The Minister might say that this is simply a matter for the market to decide, and, of course, the split between infrastructure, train operators and rolling stock companies was established in the botched privatisation by the previous Conservative Government. However, if it is simply something for the industry to decide, why has the Department been involved in discussions between Chiltern Railways and the rolling stock leasing company at every stage in the process? He might try to insist that the situation is simply business as usual, but after today’s debate, that simply would not be credible. The problem is the direct consequence of the panicked direct awards programme introduced following the collapse of the west coast competition. In turn, that was caused by Ministers imposing their new franchise model on one of the most complex routes in Europe. At every stage, Ministers are directly accountable, and they will be accountable for any reduction of services that results from that chain of events.

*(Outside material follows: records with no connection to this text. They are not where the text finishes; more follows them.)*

(* With the substitutions and matrices in the context, the vector $\mathbf{x}$ satisfies \[ \mathbf{x}(p'_n\pi_1(\mathbf{c}))=\frac{1-a_0}{1-b_n}\,p'_n(M_{\pi_1})\,M_{p'_n}\,\mathbf{x}(\mathbf{c}),\qquad a_0=q^{-1}a_{n+1}. \]
   Context: Fix an integer $n\ge1$ and $q\in\mathbb{C}$ with $0<|q|<1$. Let $a_1,\ldots,a_{n+1},b_1,\ldots,b_n,c$ be generic complex parameters, and write $\mathbf{c}=(a_1,\ldots,a_{n+1},b_1,\ldots,b_n,c)$. Set $b_{n+1}=q$, and extend indices to all of $\mathbb{Z}$ by $a_{j+n+1}=q\,a_j$ and $b_{j+n+1}=q\,b_j$; in particular $a_0=q^{-1}a_{n+1}$ and $b_0=1$. Write $(a;q)_0=1$ and $(a;q)_k=(1-a)(1-qa)\cdots(1-q^{k-1}a)$. For $j=1,\ldots,n+1$ let \[ x_j(\mathbf{c})=\prod_{l=1}^{n-j+1}(1-a_l)\prod_{l=n-j+2}^{n}(1-b_l)\sum_{k=0}^\infty q^kc^k\prod_{l=1}^{n-j+1}\frac{(qa_l;q)_k}{(qb_l;q)_k}\prod_{l=n-j+2}^{n+1}\frac{(a_l;q)_k}{(b_l;q)_k}, \] which converges for $|c|<|q|^{-1}$, and set $\mathbf{x}=(x_1,\ldots,x_{n+1})^T$. Let $E_{j_1,j_2}$ denote the $(n+1)\times(n+1)$ matrix unit. For a parameter $u$, $c^{\log_q u}$ means $\exp(\log c\,\log u/\log q)$ for fixed branches. Substitutions. Each symbol $\omega$ below denotes a substitution $\mathbf{c}\mapsto\omega(\mathbf{c})$, specified by the images of $a_j$ ($1\le j\le n+1$), $b_j$ ($1\le j\le n$) and $c$. Right-hand sides are read using the quasi-periodic convention; the same formulas then hold for all $j$, and $b_{n+1}=q$ stays fixed. For $i\in\mathbb{Z}$ let $t_i$ be the permutation of $\mathbb{Z}$ exchanging $i+k(n+1)$ and $i+1+k(n+1)$ for every $k\in\mathbb{Z}$ and fixing all other integers. - $p'_n$: $a_j\mapsto qa_j/b_n$, $b_j\mapsto qb_{t_n(j)}/b_n$, $c\mapsto c$. - $\pi_1$: $a_j\mapsto qa_{j-1}/b_n$, $b_j\mapsto qb_{j-1}/b_n$, $c\mapsto c$. For a function or matrix $\Phi(\mathbf{c})$, $\omega(\Phi)$ denotes $\Phi(\omega(\mathbf{c}))$. Compositions are defined by $(\omega_2\omega_1)(\Phi)=\omega_2(\omega_1(\Phi))$, i.e. $\omega_2\omega_1(\mathbf{c})$ is $\omega_1(\mathbf{c})$ with $\mathbf{c}$ replaced by $\omega_2(\mathbf{c})$. Matrices: - $M_{p'_n}=c^{\log_q(q^{-1}b_n)}\Bigl(\frac{b_n-a_{n+1}}{b_{n+1}-a_{n+1}}E_{1,1}+\sum_{j=2}^{n+1}E_{j,j}+\frac{b_{n+1}-b_n}{b_{n+1}-a_{n+1}}q^{-1}c^{-1}E_{1,n+1}\Bigr)$. - $M_{\pi_1}=c^{\log_q(q^{-1}b_n)}\Bigl(\sum_{j=1}^nE_{j,j+1}+qc\,E_{n+1,1}\Bigr)$. *)

theory Defs
  imports "HOL-Analysis.Analysis"
begin

text \<open>Parameter tuples: a pair (a, b) of functions; only a 1, ..., a (n+1) and
  b 1, ..., b n are meaningful (b (n+1) = q is enforced by bfull).
  The parameter c is kept separately (it is not changed by the substitutions).\<close>

type_synonym params = "(nat \<Rightarrow> complex) \<times> (nat \<Rightarrow> complex)"

definition qpoch :: "complex \<Rightarrow> complex \<Rightarrow> nat \<Rightarrow> complex" where
  "qpoch a q k = (\<Prod>i<k. 1 - q ^ i * a)"

definition bfull :: "nat \<Rightarrow> complex \<Rightarrow> (nat \<Rightarrow> complex) \<Rightarrow> nat \<Rightarrow> complex" where
  "bfull n q b = b(Suc n := q)"

text \<open>Quasi-periodic extension to all integers: f_(j+n+1) = q f_j\<close>
definition qext :: "nat \<Rightarrow> complex \<Rightarrow> (nat \<Rightarrow> complex) \<Rightarrow> int \<Rightarrow> complex" where
  "qext n q f j = (let m = int n + 1; r = (j - 1) mod m + 1
                   in q powi ((j - r) div m) * f (nat r))"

The truth is that, for all the talk of cutting red tape, the coalition will leave a record of five years of disastrous decisions in Whitehall, a top-heavy failure to manage key projects, and a huge expansion in the Department’s involvement in the rail network. I accept that the Minister may be an unlikely occupant of a Marxist universe, but perhaps we should not be surprised by the coalition’s switch to old-fashioned command and control. After all, last year, the Business Secretary said that a “rail revolution” was taking place. With services threatened and rolling stock taken away, we now know what the rallying cry of that strange revolution—it unites MPs across party boundaries—will be: “Passengers of the north, unite! You have nothing to lose but your trains.”

Season ticket prices have risen by an average of 20% since the election. Passengers deserve better than this. The Government must face up to the scale of the problem, set out a clear plan for meeting the north’s rolling stock requirements and get the improvements in the region’s rail services back on track.